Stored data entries
════════

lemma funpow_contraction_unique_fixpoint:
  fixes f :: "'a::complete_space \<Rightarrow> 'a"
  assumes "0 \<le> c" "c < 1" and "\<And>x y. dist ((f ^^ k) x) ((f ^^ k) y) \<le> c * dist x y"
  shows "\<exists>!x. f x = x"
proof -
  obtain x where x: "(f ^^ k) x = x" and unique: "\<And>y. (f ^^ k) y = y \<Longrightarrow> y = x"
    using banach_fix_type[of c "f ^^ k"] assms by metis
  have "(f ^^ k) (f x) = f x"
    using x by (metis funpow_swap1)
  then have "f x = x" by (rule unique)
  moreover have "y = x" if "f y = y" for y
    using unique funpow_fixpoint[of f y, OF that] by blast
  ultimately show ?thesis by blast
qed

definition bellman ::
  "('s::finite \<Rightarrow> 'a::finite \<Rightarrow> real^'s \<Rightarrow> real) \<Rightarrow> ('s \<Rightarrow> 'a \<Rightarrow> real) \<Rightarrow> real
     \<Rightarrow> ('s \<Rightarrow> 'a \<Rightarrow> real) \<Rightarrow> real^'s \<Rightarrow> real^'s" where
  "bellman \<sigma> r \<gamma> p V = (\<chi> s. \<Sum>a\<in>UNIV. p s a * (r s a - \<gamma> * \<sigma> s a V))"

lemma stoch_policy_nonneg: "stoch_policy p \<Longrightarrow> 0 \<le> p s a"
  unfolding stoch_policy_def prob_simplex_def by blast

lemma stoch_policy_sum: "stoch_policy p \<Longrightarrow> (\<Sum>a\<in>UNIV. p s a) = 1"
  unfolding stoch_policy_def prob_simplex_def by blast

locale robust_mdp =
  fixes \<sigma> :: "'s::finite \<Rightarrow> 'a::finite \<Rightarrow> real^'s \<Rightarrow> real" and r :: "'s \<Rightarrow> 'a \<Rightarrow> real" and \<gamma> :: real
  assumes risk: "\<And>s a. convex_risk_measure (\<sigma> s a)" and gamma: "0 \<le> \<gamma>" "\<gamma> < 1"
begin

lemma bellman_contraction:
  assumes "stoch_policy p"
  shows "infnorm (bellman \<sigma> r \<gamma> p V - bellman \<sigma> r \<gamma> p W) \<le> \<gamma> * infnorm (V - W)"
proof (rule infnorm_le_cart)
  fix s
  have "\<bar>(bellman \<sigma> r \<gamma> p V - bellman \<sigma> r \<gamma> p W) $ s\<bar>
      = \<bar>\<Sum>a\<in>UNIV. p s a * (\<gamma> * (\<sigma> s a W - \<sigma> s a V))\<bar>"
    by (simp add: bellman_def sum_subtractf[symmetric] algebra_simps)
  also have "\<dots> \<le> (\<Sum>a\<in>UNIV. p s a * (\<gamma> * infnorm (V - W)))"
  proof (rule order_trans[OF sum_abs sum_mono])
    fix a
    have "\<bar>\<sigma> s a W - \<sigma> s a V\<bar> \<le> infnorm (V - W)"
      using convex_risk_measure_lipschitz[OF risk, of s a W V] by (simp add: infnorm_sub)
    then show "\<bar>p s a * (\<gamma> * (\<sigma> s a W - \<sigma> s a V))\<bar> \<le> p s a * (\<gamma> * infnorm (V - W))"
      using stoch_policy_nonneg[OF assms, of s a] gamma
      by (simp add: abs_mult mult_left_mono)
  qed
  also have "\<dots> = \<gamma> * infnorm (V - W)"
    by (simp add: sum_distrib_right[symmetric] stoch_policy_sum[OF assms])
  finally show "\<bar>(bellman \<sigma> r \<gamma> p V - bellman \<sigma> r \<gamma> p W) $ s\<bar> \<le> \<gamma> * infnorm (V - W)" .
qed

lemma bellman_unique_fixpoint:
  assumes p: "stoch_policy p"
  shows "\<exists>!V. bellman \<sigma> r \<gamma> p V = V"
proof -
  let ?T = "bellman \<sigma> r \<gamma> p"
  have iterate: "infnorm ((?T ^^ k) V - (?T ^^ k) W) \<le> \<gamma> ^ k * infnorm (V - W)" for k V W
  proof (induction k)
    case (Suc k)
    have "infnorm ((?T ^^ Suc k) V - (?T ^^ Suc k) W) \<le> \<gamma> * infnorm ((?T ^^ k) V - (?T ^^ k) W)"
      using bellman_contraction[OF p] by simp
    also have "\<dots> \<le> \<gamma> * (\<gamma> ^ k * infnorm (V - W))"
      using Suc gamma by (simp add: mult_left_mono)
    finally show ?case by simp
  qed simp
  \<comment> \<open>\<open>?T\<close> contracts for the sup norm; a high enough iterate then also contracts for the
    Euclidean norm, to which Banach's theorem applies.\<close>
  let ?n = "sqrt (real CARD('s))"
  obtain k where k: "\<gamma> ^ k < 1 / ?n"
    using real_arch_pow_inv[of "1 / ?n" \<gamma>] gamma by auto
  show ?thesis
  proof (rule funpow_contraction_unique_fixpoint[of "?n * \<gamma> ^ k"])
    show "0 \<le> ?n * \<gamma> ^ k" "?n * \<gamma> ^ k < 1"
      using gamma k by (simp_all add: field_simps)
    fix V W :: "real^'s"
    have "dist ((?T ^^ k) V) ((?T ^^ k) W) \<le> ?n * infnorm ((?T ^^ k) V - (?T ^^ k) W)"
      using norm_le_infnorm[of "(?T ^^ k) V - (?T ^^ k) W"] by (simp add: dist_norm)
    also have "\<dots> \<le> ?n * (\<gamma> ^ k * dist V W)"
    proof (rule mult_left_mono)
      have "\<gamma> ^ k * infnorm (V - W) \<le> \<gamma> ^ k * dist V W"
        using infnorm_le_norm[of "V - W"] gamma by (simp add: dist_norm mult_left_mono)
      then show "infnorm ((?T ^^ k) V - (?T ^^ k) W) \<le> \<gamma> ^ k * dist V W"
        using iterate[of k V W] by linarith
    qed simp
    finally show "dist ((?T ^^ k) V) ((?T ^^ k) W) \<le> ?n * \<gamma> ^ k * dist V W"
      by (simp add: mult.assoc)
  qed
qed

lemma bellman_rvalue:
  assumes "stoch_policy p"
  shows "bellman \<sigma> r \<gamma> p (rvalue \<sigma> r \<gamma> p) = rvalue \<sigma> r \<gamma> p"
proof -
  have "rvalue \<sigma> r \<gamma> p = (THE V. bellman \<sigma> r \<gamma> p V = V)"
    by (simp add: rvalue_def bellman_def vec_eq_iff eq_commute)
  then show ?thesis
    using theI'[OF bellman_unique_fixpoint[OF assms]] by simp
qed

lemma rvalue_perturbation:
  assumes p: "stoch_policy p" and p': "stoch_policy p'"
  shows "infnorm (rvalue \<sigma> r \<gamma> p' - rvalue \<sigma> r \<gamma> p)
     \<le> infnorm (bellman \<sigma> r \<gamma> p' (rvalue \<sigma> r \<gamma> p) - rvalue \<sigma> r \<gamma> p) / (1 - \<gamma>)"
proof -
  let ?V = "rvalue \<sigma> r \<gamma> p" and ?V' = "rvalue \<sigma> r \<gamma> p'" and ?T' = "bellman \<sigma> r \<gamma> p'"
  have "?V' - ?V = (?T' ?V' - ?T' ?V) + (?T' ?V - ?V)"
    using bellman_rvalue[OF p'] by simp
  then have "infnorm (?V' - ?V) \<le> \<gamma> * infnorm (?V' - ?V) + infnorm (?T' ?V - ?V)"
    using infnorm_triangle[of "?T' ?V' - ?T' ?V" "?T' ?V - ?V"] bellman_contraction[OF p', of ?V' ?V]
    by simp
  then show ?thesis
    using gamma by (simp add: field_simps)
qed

════════

[Problem]
Given the records above, restate word for word only the lines starting at the one with "also contracts for the" and ending at the one with "obtain k where".

[Response to this task]
  \<comment> \<open>\<open>?T\<close> contracts for the sup norm; a high enough iterate then also contracts for the
    Euclidean norm, to which Banach's theorem applies.\<close>
  let ?n = "sqrt (real CARD('s))"
  obtain k where k: "\<gamma> ^ k < 1 / ?n"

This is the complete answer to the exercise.